▶ _Work instructions_:
Copy exactly the lines of the material below that run from the one containing "c \<in> Phat" through the one containing "(Phat Z) (mpoly_ring". Copy no other lines.

▶ _Material for this task_:
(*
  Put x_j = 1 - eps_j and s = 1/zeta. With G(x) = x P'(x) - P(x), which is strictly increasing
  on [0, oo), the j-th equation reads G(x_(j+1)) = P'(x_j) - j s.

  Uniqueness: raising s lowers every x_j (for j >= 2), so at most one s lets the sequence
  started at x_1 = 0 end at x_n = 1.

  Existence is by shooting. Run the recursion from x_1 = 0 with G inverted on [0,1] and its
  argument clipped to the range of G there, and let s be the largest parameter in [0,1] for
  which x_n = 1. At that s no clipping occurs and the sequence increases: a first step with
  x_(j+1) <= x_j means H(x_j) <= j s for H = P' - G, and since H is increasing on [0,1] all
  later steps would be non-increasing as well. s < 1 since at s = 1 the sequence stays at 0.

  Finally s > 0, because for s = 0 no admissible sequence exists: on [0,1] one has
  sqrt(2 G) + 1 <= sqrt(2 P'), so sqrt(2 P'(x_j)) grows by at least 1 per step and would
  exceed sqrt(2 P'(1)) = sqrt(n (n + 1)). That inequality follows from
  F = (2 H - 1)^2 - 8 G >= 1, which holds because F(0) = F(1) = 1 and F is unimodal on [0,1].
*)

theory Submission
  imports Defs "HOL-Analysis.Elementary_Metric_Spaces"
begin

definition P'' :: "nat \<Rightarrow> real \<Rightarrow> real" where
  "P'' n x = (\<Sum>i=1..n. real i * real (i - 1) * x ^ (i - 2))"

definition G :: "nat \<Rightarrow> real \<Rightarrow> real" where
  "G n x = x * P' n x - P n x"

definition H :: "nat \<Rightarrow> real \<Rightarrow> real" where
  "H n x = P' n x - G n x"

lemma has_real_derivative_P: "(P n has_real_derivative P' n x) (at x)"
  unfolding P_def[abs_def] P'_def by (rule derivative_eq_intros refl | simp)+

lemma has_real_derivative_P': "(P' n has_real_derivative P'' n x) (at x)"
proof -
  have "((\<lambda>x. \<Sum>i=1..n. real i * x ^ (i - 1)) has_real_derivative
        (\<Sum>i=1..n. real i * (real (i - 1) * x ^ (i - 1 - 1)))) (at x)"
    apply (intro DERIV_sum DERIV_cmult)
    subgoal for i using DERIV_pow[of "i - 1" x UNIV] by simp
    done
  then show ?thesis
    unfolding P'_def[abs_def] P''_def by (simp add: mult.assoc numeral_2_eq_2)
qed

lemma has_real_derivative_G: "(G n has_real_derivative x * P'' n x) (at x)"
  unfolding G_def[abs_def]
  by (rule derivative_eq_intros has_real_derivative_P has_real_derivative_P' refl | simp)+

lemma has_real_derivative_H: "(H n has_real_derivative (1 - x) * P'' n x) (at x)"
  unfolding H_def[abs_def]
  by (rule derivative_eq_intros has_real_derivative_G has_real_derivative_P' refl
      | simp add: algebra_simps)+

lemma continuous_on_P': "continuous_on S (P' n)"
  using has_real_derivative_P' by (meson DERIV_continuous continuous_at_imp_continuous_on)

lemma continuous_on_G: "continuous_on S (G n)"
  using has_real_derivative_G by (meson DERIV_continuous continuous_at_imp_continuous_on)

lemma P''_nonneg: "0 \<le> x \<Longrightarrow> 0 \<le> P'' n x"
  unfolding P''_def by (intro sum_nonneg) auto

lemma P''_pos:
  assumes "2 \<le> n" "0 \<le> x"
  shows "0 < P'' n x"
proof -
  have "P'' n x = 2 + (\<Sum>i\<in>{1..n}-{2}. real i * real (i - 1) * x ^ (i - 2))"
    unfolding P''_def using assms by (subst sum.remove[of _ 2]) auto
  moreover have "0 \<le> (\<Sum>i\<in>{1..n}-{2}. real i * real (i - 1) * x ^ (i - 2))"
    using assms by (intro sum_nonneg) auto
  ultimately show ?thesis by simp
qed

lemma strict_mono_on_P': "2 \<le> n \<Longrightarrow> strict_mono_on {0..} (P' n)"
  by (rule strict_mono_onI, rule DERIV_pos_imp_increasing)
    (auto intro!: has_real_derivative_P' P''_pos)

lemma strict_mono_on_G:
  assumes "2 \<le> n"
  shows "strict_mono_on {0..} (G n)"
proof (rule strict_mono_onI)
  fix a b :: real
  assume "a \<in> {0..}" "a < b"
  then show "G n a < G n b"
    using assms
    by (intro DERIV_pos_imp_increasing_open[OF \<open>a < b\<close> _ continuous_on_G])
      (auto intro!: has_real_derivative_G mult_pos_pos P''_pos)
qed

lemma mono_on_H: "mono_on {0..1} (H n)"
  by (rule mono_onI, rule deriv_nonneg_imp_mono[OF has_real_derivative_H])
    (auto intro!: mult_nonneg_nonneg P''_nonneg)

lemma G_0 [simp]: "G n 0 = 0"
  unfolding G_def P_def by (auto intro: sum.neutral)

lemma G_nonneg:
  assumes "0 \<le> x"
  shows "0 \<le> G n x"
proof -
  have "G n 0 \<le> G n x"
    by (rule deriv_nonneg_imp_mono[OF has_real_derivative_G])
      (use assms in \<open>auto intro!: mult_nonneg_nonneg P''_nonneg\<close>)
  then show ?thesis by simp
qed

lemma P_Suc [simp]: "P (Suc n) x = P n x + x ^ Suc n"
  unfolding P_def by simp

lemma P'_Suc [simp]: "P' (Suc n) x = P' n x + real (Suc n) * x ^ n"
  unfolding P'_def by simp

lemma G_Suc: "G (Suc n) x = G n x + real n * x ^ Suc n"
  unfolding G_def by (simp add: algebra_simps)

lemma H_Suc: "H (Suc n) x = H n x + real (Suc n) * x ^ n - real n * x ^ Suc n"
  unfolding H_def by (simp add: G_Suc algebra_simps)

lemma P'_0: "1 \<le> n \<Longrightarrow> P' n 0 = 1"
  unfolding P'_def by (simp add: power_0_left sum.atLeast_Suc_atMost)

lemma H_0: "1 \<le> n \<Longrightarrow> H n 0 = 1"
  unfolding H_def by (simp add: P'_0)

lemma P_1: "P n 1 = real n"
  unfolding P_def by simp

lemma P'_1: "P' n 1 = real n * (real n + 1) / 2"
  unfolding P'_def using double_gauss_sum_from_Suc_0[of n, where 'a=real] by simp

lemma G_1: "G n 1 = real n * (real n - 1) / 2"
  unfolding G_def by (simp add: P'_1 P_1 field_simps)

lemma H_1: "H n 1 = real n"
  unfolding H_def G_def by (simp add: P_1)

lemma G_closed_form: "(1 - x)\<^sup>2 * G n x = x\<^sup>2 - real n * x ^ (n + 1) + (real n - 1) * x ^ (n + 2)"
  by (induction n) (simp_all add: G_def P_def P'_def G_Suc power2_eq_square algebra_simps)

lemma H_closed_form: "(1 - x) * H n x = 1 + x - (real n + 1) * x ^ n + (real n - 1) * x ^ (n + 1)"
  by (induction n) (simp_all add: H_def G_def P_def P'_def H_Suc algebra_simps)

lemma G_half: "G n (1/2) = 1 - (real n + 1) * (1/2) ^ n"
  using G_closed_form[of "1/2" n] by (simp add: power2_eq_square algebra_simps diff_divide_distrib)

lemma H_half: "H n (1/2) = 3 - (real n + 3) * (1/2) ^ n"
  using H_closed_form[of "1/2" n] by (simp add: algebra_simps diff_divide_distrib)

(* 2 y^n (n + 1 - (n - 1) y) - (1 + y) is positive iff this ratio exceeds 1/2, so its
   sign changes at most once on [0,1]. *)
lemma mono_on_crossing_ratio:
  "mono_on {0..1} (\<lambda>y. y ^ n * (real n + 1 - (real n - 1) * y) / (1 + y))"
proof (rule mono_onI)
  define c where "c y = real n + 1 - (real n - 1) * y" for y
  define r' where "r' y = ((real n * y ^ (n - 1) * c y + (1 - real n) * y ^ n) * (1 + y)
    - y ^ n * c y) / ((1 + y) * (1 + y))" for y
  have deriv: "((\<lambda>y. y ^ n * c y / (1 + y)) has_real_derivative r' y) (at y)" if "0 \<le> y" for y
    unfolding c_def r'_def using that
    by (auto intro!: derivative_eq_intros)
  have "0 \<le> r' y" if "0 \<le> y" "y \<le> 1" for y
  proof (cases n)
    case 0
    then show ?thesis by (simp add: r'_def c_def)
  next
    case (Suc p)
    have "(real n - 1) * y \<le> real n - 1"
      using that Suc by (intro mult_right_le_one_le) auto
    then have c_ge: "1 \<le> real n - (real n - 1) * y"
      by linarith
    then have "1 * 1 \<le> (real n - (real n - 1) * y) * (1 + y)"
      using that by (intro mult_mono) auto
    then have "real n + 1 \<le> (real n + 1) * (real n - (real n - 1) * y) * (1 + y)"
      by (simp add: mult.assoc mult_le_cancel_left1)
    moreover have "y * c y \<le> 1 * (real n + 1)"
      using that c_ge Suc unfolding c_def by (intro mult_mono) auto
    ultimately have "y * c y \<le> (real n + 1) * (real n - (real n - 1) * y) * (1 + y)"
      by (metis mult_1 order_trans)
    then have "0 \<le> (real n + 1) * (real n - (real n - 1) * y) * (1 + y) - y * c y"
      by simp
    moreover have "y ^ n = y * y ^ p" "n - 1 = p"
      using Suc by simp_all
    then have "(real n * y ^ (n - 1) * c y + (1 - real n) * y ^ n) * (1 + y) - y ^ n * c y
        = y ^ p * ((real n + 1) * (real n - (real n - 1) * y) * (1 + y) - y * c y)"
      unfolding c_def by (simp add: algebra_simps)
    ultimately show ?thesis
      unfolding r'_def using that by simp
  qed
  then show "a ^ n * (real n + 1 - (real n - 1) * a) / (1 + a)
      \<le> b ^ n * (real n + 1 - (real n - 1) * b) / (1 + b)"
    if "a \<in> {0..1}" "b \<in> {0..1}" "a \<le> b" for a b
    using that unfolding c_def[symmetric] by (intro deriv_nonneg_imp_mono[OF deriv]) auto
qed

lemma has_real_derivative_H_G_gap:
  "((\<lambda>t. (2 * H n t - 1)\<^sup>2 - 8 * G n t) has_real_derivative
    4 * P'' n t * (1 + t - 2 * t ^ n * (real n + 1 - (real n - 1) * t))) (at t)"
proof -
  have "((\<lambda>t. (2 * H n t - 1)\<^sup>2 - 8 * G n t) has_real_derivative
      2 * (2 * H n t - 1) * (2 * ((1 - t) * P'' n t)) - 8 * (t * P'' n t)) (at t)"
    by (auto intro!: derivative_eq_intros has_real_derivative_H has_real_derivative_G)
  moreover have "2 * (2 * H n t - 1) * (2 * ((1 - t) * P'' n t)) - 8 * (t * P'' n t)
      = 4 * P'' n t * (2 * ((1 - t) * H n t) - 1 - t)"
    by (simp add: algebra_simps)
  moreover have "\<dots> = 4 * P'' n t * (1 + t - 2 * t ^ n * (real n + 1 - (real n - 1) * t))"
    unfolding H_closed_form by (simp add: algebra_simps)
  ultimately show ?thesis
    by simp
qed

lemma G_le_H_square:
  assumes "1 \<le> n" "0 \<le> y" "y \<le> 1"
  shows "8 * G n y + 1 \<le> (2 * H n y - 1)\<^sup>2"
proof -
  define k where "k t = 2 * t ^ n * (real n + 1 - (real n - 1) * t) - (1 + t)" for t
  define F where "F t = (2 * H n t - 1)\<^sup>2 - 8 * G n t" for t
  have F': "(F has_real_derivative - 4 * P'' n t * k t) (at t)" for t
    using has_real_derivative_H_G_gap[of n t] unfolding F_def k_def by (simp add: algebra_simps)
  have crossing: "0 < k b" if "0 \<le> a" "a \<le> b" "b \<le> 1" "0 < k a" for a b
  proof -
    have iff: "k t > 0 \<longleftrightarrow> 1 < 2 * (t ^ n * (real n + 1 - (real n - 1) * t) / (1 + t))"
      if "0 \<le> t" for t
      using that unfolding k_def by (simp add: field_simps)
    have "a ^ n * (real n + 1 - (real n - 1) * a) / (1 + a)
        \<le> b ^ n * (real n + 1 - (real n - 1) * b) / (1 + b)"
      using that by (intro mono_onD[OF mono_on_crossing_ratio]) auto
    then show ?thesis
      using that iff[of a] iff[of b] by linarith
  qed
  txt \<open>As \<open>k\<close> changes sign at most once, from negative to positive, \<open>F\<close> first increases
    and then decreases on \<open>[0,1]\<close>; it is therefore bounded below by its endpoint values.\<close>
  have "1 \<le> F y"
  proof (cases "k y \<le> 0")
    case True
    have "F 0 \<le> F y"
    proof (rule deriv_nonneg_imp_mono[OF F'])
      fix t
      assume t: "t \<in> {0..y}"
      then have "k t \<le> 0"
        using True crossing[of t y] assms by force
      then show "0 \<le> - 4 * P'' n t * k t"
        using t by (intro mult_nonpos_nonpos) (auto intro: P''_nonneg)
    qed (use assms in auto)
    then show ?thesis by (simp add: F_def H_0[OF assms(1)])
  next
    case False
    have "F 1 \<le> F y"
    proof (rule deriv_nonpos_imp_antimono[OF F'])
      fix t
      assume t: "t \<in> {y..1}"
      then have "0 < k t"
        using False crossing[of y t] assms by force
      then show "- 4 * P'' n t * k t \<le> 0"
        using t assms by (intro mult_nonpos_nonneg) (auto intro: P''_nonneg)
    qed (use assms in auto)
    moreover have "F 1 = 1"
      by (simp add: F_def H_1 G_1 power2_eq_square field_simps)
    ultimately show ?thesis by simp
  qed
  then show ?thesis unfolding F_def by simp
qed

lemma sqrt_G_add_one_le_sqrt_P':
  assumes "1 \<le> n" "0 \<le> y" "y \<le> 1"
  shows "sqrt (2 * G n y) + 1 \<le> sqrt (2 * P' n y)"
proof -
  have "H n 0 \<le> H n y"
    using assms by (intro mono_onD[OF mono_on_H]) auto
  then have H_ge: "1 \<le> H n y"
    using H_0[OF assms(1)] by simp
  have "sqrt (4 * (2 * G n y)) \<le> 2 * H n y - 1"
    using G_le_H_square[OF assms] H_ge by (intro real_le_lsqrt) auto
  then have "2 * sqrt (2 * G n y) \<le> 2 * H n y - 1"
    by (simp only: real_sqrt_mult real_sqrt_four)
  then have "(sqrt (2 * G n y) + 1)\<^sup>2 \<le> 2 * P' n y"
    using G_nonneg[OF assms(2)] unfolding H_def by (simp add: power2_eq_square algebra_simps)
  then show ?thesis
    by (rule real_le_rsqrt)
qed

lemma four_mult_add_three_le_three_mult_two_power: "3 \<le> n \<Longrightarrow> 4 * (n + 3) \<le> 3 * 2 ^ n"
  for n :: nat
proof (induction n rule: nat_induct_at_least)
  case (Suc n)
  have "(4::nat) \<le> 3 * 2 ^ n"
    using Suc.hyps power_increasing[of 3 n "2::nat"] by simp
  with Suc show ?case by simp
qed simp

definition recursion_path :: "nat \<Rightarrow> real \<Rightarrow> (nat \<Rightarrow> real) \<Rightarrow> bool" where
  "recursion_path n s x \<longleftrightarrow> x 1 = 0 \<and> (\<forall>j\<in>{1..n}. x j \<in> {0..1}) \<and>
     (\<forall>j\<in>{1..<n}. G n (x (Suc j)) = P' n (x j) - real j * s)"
---
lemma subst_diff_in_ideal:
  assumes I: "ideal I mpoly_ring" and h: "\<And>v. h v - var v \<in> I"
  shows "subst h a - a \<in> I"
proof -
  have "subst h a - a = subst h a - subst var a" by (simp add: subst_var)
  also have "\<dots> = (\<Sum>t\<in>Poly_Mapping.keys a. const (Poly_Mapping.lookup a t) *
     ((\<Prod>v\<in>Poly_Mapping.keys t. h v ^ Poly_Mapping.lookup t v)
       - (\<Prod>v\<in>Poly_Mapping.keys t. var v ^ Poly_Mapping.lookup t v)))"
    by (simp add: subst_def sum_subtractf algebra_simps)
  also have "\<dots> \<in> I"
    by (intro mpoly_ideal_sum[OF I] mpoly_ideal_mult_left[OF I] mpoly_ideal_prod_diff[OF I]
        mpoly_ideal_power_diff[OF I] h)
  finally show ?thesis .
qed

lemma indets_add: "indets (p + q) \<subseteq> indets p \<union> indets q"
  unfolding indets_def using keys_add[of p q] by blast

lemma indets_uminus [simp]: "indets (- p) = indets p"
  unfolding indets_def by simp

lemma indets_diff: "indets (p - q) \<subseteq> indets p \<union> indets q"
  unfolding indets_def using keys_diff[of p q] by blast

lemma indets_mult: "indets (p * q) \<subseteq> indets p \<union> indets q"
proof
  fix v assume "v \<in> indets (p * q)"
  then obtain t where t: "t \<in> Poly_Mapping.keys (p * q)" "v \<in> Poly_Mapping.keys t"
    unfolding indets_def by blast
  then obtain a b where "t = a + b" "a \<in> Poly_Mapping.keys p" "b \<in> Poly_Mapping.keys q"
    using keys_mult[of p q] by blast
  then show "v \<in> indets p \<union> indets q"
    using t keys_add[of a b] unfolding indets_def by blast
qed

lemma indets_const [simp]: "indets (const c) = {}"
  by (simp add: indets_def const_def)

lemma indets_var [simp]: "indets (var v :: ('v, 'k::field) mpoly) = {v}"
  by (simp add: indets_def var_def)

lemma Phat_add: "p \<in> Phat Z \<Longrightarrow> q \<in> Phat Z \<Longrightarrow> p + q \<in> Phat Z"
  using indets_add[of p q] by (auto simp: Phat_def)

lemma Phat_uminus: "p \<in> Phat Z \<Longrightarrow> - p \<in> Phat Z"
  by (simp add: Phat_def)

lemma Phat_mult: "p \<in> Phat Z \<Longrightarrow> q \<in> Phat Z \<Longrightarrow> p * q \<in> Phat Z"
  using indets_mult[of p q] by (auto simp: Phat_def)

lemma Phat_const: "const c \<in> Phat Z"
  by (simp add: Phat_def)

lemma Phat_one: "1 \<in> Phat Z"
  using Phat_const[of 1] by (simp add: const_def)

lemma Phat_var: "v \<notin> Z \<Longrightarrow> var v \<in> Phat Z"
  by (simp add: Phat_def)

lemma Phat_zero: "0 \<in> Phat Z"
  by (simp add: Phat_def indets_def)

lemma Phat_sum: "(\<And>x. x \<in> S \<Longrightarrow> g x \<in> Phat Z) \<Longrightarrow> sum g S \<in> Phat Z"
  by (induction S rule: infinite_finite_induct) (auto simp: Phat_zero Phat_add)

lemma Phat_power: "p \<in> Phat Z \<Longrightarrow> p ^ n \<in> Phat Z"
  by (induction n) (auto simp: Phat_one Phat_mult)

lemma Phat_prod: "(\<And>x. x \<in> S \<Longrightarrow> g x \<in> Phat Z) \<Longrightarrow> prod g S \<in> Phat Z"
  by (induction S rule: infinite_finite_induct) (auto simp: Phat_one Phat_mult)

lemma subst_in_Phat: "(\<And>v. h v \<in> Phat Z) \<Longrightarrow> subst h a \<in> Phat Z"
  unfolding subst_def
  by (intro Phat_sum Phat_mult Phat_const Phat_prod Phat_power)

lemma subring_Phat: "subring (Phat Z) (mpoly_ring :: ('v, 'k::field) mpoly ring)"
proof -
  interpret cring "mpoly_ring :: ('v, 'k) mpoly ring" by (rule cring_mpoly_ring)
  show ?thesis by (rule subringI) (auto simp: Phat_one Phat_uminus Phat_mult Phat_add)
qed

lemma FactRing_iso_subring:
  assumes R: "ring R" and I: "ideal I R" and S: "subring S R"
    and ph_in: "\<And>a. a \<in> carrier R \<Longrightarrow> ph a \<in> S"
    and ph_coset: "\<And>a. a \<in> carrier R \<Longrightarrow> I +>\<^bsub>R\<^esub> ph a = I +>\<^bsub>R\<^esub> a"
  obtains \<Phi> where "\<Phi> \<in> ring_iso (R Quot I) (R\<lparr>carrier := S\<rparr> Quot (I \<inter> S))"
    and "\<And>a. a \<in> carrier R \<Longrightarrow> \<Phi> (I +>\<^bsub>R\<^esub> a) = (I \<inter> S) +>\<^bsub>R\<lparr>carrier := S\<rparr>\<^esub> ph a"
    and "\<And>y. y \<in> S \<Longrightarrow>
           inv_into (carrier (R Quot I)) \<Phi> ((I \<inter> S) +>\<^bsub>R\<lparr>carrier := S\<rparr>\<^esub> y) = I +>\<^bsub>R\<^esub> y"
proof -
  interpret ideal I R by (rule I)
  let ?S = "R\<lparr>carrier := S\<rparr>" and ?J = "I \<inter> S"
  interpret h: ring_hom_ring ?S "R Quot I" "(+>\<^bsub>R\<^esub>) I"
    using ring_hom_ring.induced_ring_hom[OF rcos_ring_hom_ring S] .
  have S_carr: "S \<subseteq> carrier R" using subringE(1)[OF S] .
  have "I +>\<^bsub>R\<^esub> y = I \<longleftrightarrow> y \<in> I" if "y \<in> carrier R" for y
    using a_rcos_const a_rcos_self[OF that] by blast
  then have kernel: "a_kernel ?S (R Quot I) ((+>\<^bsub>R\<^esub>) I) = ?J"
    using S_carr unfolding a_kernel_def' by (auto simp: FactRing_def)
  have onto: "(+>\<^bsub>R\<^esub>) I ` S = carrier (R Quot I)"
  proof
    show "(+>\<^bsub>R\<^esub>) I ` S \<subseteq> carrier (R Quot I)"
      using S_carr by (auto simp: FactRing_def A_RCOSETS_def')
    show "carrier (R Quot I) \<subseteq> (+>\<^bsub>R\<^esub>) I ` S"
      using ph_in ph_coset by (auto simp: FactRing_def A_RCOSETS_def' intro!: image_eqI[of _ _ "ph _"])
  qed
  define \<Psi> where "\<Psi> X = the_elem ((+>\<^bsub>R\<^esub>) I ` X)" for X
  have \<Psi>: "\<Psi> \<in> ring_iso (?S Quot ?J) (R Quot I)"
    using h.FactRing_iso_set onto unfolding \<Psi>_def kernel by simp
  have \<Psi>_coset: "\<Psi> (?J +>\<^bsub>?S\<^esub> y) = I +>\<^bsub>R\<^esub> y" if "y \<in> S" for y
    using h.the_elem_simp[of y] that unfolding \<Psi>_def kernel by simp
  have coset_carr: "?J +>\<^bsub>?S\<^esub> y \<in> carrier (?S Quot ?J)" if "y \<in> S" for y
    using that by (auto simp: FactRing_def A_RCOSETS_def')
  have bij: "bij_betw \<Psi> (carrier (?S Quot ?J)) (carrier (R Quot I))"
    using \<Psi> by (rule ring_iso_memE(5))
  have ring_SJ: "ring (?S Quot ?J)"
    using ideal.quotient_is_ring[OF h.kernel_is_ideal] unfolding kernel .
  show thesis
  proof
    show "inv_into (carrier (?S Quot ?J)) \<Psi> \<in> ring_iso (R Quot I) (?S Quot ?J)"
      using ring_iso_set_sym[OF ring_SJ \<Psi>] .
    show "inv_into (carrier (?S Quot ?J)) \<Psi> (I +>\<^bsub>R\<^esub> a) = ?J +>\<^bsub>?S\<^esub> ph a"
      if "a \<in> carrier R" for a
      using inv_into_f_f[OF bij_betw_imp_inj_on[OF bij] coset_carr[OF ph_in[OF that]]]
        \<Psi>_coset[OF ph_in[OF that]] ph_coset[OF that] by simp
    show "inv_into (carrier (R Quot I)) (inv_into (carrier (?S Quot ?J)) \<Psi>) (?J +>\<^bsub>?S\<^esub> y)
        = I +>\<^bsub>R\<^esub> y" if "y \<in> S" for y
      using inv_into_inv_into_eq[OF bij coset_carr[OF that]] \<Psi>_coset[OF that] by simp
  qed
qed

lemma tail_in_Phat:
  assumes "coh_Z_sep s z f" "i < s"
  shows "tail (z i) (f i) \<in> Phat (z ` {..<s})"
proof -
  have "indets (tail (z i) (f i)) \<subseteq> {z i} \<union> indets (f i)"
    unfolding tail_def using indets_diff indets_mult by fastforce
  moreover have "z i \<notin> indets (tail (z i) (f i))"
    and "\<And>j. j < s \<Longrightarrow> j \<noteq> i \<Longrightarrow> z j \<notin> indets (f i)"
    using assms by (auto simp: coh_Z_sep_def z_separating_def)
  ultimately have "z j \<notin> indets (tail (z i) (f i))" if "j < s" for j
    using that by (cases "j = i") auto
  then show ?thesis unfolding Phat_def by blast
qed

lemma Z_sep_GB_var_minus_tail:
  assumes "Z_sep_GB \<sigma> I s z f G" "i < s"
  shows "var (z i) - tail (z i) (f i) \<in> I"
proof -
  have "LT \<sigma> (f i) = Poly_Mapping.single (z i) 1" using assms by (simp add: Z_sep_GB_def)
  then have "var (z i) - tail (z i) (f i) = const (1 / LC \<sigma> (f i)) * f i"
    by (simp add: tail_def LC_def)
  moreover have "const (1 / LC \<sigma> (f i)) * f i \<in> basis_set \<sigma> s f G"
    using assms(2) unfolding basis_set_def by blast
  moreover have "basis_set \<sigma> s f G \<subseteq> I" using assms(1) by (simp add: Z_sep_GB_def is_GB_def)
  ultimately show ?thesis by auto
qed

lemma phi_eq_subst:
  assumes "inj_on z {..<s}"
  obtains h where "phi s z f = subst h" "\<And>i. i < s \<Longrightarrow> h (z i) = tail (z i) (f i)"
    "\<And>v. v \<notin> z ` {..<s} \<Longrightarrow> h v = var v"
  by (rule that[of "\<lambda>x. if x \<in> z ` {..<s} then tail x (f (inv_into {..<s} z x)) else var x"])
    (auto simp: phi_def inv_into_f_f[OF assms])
--
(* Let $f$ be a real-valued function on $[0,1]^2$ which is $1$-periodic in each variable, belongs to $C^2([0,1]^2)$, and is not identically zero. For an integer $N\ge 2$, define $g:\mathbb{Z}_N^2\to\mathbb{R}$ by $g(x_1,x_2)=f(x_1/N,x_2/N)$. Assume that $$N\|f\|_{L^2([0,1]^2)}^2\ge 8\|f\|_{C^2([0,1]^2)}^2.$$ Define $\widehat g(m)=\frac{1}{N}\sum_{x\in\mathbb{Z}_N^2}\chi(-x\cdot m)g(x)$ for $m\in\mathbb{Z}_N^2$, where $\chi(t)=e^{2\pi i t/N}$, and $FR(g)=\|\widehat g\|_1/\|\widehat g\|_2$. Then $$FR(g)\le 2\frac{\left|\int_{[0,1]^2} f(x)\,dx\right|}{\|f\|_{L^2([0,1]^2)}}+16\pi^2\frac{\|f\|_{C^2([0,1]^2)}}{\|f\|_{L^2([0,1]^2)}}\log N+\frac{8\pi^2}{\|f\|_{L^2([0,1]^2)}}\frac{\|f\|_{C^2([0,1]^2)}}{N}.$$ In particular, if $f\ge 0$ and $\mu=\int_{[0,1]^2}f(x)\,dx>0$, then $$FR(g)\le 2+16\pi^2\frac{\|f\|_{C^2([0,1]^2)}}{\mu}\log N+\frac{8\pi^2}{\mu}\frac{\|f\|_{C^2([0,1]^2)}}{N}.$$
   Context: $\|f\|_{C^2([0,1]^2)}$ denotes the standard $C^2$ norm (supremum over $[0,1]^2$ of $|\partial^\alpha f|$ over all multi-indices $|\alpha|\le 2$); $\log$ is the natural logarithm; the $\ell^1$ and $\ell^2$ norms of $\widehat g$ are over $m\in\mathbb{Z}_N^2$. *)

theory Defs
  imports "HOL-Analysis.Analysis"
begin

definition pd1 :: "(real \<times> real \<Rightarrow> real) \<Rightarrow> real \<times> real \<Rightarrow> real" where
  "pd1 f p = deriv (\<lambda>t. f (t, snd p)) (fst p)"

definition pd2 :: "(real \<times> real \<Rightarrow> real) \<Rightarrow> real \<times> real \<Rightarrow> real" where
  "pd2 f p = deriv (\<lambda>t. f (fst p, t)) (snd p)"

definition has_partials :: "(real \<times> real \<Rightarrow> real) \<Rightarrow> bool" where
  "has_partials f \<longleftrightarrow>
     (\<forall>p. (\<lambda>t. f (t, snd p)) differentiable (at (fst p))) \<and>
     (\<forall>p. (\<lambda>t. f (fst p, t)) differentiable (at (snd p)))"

▶ _Result below_:
lemma Phat_const: "const c \<in> Phat Z"
  by (simp add: Phat_def)

lemma Phat_one: "1 \<in> Phat Z"
  using Phat_const[of 1] by (simp add: const_def)

lemma Phat_var: "v \<notin> Z \<Longrightarrow> var v \<in> Phat Z"
  by (simp add: Phat_def)

lemma Phat_zero: "0 \<in> Phat Z"
  by (simp add: Phat_def indets_def)

lemma Phat_sum: "(\<And>x. x \<in> S \<Longrightarrow> g x \<in> Phat Z) \<Longrightarrow> sum g S \<in> Phat Z"
  by (induction S rule: infinite_finite_induct) (auto simp: Phat_zero Phat_add)

lemma Phat_power: "p \<in> Phat Z \<Longrightarrow> p ^ n \<in> Phat Z"
  by (induction n) (auto simp: Phat_one Phat_mult)

lemma Phat_prod: "(\<And>x. x \<in> S \<Longrightarrow> g x \<in> Phat Z) \<Longrightarrow> prod g S \<in> Phat Z"
  by (induction S rule: infinite_finite_induct) (auto simp: Phat_one Phat_mult)

lemma subst_in_Phat: "(\<And>v. h v \<in> Phat Z) \<Longrightarrow> subst h a \<in> Phat Z"
  unfolding subst_def
  by (intro Phat_sum Phat_mult Phat_const Phat_prod Phat_power)

lemma subring_Phat: "subring (Phat Z) (mpoly_ring :: ('v, 'k::field) mpoly ring)"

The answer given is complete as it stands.